A Commons file used on this page has been nominated for speedy deletion
The following Wikimedia Commons file used on this page has been nominated for speedy deletion:
You can see the reason for deletion at the file description page linked above. —
Community Tech bot (
talk) 12:07, 25 March 2019 (UTC)reply
Last paragraph of introduction looks as if it may have been added accidentally
The last paragraph of the intro looks to be in the wrong section, as well as having numerous grammatical and word choice errors. It introduces a story that belongs in the institution's history, with no connection to the general overview directly above. It also contains no citations for the incident it describes.

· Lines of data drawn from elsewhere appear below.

lemma perm_of_word_nonexcedance_iff:
  assumes "distinct w" "x \<in> set w"
  shows "perm_of_word w x \<le> x \<longleftrightarrow> x = last w \<or> (\<exists>x'. (x, x') \<in> adjacent_pairs w \<and> x' < x)"
proof -
  have "perm_of_word w x \<le> x \<longleftrightarrow> \<not> (\<exists>y. (x, y) \<in> adjacent_pairs w \<and> x < y)"
    using perm_of_word_excedance_iff[OF assms] by (simp add: not_less[symmetric])
  also have "\<dots> \<longleftrightarrow> x = last w \<or> (\<exists>x'. (x, x') \<in> adjacent_pairs w \<and> x' < x)"
  proof
    assume no_ascent: "\<not> (\<exists>y. (x, y) \<in> adjacent_pairs w \<and> x < y)"
    show "x = last w \<or> (\<exists>x'. (x, x') \<in> adjacent_pairs w \<and> x' < x)"
    proof (cases "x = last w")
      case False
      then obtain x' where "(x, x') \<in> adjacent_pairs w"
        using adjacent_pairs_successor[OF assms(2)] by blast
      with no_ascent adjacent_pairs_neq[OF assms(1)] show ?thesis by (meson linorder_neqE)
    qed simp
  next
    assume "x = last w \<or> (\<exists>x'. (x, x') \<in> adjacent_pairs w \<and> x' < x)"
    then show "\<not> (\<exists>y. (x, y) \<in> adjacent_pairs w \<and> x < y)"
      using last_not_adjacent[OF assms(1)] adjacent_pairs_unique[OF assms(1)] by (metis order.asym)
  qed
  finally show ?thesis .
qed

lemma support_perm_of_word_Min:
  assumes "distinct (u @ m # v)" "\<forall>x\<in>set u \<union> set v. m < x"
  shows "support (perm_of_word (u @ m # v)) m = m # v"
  using support_agree_cycle_of_list[of "m # v" "perm_of_word (u @ m # v)"] assms
    perm_of_word_split_apply(2)[OF assms] by simp

lemma perm_of_word_inj:
  "distinct w \<Longrightarrow> distinct w' \<Longrightarrow> set w = set w' \<Longrightarrow> perm_of_word w = perm_of_word w' \<Longrightarrow> w = w'"
proof (induction w arbitrary: w' rule: split_at_Min_induct)
  case (split u m v)
  then have "w' \<noteq> []" by auto
  then obtain u' m' v' where w': "w' = u' @ m' # v'" "\<forall>x\<in>set u' \<union> set v'. m' < x"
    using split_at_Min[OF split.prems(1)] by blast
  note prems = split.prems[unfolded w'(1)]
  have "m' = m" using Min_set_split[OF split.hyps(2)] Min_set_split[OF w'(2)] prems(2) by simp
  with prems w' have "m # v = m # v'"
    using support_perm_of_word_Min[OF split.hyps] support_perm_of_word_Min[of u' m' v'] by simp
  then have "v = v'" by simp
  have "set u = set u'"
    using prems(1,2) split.hyps(1) \<open>m' = m\<close> \<open>v = v'\<close> by auto
  have "perm_of_word u = perm_of_word u'"
  proof
    fix x show "perm_of_word u x = perm_of_word u' x"
    proof (cases "x \<in> set u")
      case True
      then show ?thesis using perm_of_word_split_apply(1)[OF split.hyps(1,2) True]
        perm_of_word_split_apply(1)[OF prems(1) w'(2), of x] prems(3)
        \<open>set u = set u'\<close> \<open>m' = m\<close> \<open>v = v'\<close> by simp
    next
      case False
      then show ?thesis using perm_of_word_permutes \<open>set u = set u'\<close> split.hyps(1) prems(1)
        by (metis distinct_append permutes_not_in)
    qed
  qed
  then have "u = u'" using split.IH prems(1) \<open>set u = set u'\<close> by simp
  then show ?case using w'(1) \<open>m' = m\<close> \<open>v = v'\<close> by simp
qed simp

lemma bij_betw_perm_of_word: "bij_betw perm_of_word (permutations_of_set {1..n}) (Sym n)"
proof (rule bij_betw_if_inj_on_card_eq)
  show "inj_on perm_of_word (permutations_of_set {1..n})"
    by (rule inj_onI) (auto simp: permutations_of_set_def intro: perm_of_word_inj)
  show "perm_of_word ` permutations_of_set {1..n} \<subseteq> Sym n"
    by (auto simp: permutations_of_set_def Sym_def dest: perm_of_word_permutes)
qed (simp_all add: finite_Sym card_Sym)

section \<open>Permutations whose excedances come first\<close>

definition excedances_first :: "'a::linorder set \<Rightarrow> ('a \<Rightarrow> 'a) \<Rightarrow> bool" where
  "excedances_first A \<tau> \<longleftrightarrow> (\<forall>a\<in>A. \<forall>b\<in>A. \<tau> a \<le> a \<longrightarrow> b < \<tau> b \<longrightarrow> b < a)"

The out-of-place paragraph reads as follows:
On an early September afternoon patients within the ward named “special cases” there began a mental out burst as the news papers explained it. the patients raided cupboards med labs and multiple other vital medicinal necessities were ruined putting the other patients in other wards in danger they later restrained majority of the patients except for 7 people who remain unnamed unfortunately. The city was distraught about this mishap and the condolences go out to the family’s of the lost patients since then the hotel is under new management and nothing bad has happened since September of 1978
I suggest that this incident, if confirmed, would belong in the "1930 to the present" subsection, where it is not currently mentioned. The final sentence incorrectly identifies Bethlem as a "hotel" (typo for "hospital"?). Its claim that "nothing bad has happened since September of 1978" seems too vague to substantiate, and is directly contradicted by the later "Fatal restraints" incident cited in 2010.